Suddenly Amara flinches with shock. A few metres in front of her is a man in dark clothes, boots and a black jacket, tied by the waist to a lamp post with his head hanging down.
‘An ÁVH man,’ whispers Hans in her ear. Amara looks with disgust at the purplish blood leaking from the corpse’s nostrils. The light of the street lamps flickering in the wind makes shadows dance on his face so that he seems to be moving and breathing.

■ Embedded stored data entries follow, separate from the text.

text \<open>Surjectivity: normalise a representative to vanish at \<open>\<tau>\<close>; it is then the norm cocycle
  of its value at \<open>\<sigma>\<close>, which lies in \<open>Q_num\<close>.\<close>
lemma kernel_in_image:
  assumes C: "C \<in> res_kernel"
  shows "C \<in> class_map ` Q_num"
proof -
  obtain f where f: "f \<in> Z1 G M act (carrier G)"
    and Cf: "C = B1 G M act (carrier G) #>\<^bsub>Z1_group G M act (carrier G)\<^esub> f"
    using C unfolding res_kernel_def kernel_def by (auto simp: RCOSETS_def)
  obtain x y z where x: "x \<in> carrier M" "f \<sigma> = dif \<sigma> x" and y: "y \<in> carrier M" "f \<tau> = dif \<tau> y"
    and z: "z \<in> carrier M" "f (\<sigma> \<otimes>\<^bsub>G\<^esub> \<tau>) = dif (\<sigma> \<otimes>\<^bsub>G\<^esub> \<tau>) z"
    using C res_kernel_iff[OF f] unfolding Cf by blast
  interpret Z: comm_group "Z1_group G M act (carrier G)" by (rule Z1_comm_group[OF G.subgroup_self])
  define w where "w = inv\<^bsub>M\<^esub> y"
  have w: "w \<in> carrier M" using y by (simp add: w_def)
  define f' where "f' = cob (carrier G) w \<otimes>\<^bsub>Z1_group G M act (carrier G)\<^esub> f"
  have f': "f' \<in> Z1 G M act (carrier G)"
    unfolding f'_def using Z.m_closed cob_Z1[OF G.subgroup_self w] f by simp
  have f'_val: "f' g = dif g (w \<otimes>\<^bsub>M\<^esub> u)" if "g \<in> carrier G" "u \<in> carrier M" "f g = dif g u" for g u
    using that w by (simp add: f'_def cob_def dif_mult del: act_mult)
  have f'\<tau>: "f' \<tau> = \<one>\<^bsub>M\<^esub>"
    using f'_val[OF \<tau> y] y \<tau> by (simp add: w_def)
  define a where "a = f' \<sigma>"
  have a\<sigma>: "a = dif \<sigma> (w \<otimes>\<^bsub>M\<^esub> x)" unfolding a_def using f'_val[OF \<sigma> x] .
  have "a = f' (\<sigma> \<otimes>\<^bsub>G\<^esub> \<tau>)"
    using Z1_D(3)[OF f' \<sigma> \<tau>] Z1_D(1)[OF f' \<sigma>] f'\<tau> \<sigma> by (simp add: a_def)
  then have a\<sigma>\<tau>: "a = dif (\<sigma> \<otimes>\<^bsub>G\<^esub> \<tau>) (w \<otimes>\<^bsub>M\<^esub> z)" using f'_val[OF \<sigma>\<tau> z] by simp
  have "a \<in> carrier M" "act \<tau> a = a" "pnorm \<sigma> a m = \<one>\<^bsub>M\<^esub>"
    using Z1_D(1)[OF f' \<sigma>] normalized_cocycle(1,2)[OF f' f'\<tau>] by (simp_all add: a_def)
  then have aQ: "a \<in> Q_num"
    unfolding Q_num_iff using a\<sigma> a\<sigma>\<tau> M.m_closed[OF w x(1)] M.m_closed[OF w z(1)] by blast
  have norm_a: "norm_cocycle a = f'"
    unfolding a_def by (rule normalized_cocycle(3)[OF f' f'\<tau>, symmetric])
  have "class_map a = C"
    unfolding class_map_def Cf norm_a f'_def by (rule class_cob_mult[OF f w])
  with aQ show ?thesis by blast
qed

‘He’s still alive. We must untie him!’
‘Dead as a doornail. Anyway, someone he’d tortured must have recognised him and killed him. They spied for the Russians and were brutally cruel to poor innocent people. He’s not worth your pity.’
‘But it does upset me,’ insists Amara, unable to tear her eyes away from the white face of the young man with his smart moustache, and highly polished boots, the showy watch on his wrist and the dark blood draining from his dead nostrils. She wishes she could staunch his wounds. But Hans takes her elbow and pulls her far away from Party headquarters, along Luther Street.
Now the crowd opens and divides. Before them, in the greyness of a square strewn with papers and stones and dimly lit by weak street lamps, a Soviet tank appears. Hans guides Amara by the arm towards a side street. But astonishingly the tank has lost its usual air of menace, and about thirty young men are standing on it, prancing about and shouting and holding up a Hungarian flag.
‘Look, they’ve hijacked the tank! They’ve hijacked it. How can it go forward with all those people on top of it.’ Hans laughs happily. Even he is surprised. A Soviet tank reduced to a people-carrier for partygoers celebrating a rather easily achieved freedom.